- [The task] Filter out every line below that lacks "assms", and copy the rest.

- [Provided records]
lemma non_squares_split:
  assumes "s \<in> non_squares"
  shows "\<exists>x y a b. s = x @ y \<and> a \<in> bits \<and> b \<in> bits \<and> a \<noteq> b \<and> centred a x \<and> centred b y"
proof -
  obtain m k where s: "s \<in> lists bits" "length s = 2 * m" "k < m" "s ! k \<noteq> s ! (k + m)"
    using assms unfolding non_squares_def by blast
  define x where "x = take (2 * k + 1) s"
  define y where "y = drop (2 * k + 1) s"
  have "x \<in> lists bits" "y \<in> lists bits"
    using s(1) by (auto simp: x_def y_def dest: in_set_takeD in_set_dropD)
  moreover have "length x = 2 * k + 1" "length y = 2 * (m - k - 1) + 1"
    using s(2,3) by (simp_all add: x_def y_def)
  ultimately have "centred (x ! k) x" "centred (y ! (m - k - 1)) y"
    by (simp_all add: centred_nth)
  moreover have "x ! k = s ! k" "y ! (m - k - 1) = s ! (k + m)"
    using s(2,3) by (simp_all add: x_def y_def algebra_simps)
  moreover have "s ! k \<in> bits" "s ! (k + m) \<in> bits"
    using s(1-3) by (simp_all add: in_lists_conv_set)
  ultimately show ?thesis
    using s(4) by (intro exI[of _ x] exI[of _ y]) (auto simp: x_def y_def)
qed

lemma lang_non_square_grammar: "lang non_square_grammar 0 = non_squares"
  using centred_append_in_non_squares non_squares_split
  by (auto simp: lang_iff_generates generates_zero_iff)

lemma not_in_non_squares_iff:
  "s \<in> lists bits \<Longrightarrow> length s = 2 * m \<Longrightarrow> s \<notin> non_squares \<longleftrightarrow> (\<forall>k < m. s ! k = s ! (k + m))"
  by (auto simp: non_squares_def)

lemma append_self_not_in_non_squares: "w @ w \<notin> non_squares"
proof
  assume "w @ w \<in> non_squares"
  then obtain m k where "length (w @ w) = 2 * m" "k < m" "(w @ w) ! k \<noteq> (w @ w) ! (k + m)"
    unfolding non_squares_def by blast
  moreover from this(1) have "m = length w" by simp
  ultimately show False by (simp add: nth_append)
qed

section \<open>No advice grammar accepts the squares\<close>

text \<open>As $l \le m$, exactly one of $k$ and $k + m$ lies in the window, so the square condition
  at $k$ compares a letter of $w$ with the same letter of $w'$.\<close>

lemma graft_squares_agree:
  assumes "length w = m" "length w' = m" "l \<le> m" "i + l \<le> 2 * m"
    and square: "\<forall>k < m. graft i l (w @ w) (w' @ w') ! k = graft i l (w @ w) (w' @ w') ! (k + m)"
    and "k \<in> (\<lambda>p. p mod m) ` {i..<i + l}"
  shows "w ! k = w' ! k"
proof -
  let ?r = "graft i l (w @ w) (w' @ w')"
  have nth_r: "?r ! q = (if i \<le> q \<and> q < i + l then (w' @ w') ! q else (w @ w) ! q)" if "q < 2 * m" for q
    using nth_graft[of "w' @ w'" "w @ w" i l q] that assms(1,2,4) by simp
  have ww: "(v @ v) ! k = v ! k" "(v @ v) ! (k + m) = v ! k" if "length v = m" "k < m" for v :: "'a list"
    using that by (simp_all add: nth_append)
  obtain p where p: "i \<le> p" "p < i + l" "k = p mod m" using assms(6) by auto
  show ?thesis
  proof (cases "p < m")
    case True
    then have "k = p" "k < m" "i \<le> k" "k < i + l" "\<not> k + m < i + l" using p assms(3) by simp_all
    then show ?thesis using square nth_r[of k] nth_r[of "k + m"] ww assms(1,2) by simp
  next
    case False
    then have "k = p - m" using p assms(3,4) by (simp add: le_mod_geq)
    then have "k < m" "\<not> i \<le> k" "i \<le> k + m" "k + m < i + l" using False p assms(3,4) by simp_all
    then show ?thesis using square nth_r[of k] nth_r[of "k + m"] ww assms(1,2) by simp
  qed
qed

- [Result]
    using assms unfolding non_squares_def by blast
    using nth_graft[of "w' @ w'" "w @ w" i l q] that assms(1,2,4) by simp
  obtain p where p: "i \<le> p" "p < i + l" "k = p mod m" using assms(6) by auto
    then have "k = p" "k < m" "i \<le> k" "k < i + l" "\<not> k + m < i + l" using p assms(3) by simp_all
    then show ?thesis using square nth_r[of k] nth_r[of "k + m"] ww assms(1,2) by simp
    then have "k = p - m" using p assms(3,4) by (simp add: le_mod_geq)
    then have "k < m" "\<not> i \<le> k" "i \<le> k + m" "k + m < i + l" using False p assms(3,4) by simp_all
    then show ?thesis using square nth_r[of k] nth_r[of "k + m"] ww assms(1,2) by simp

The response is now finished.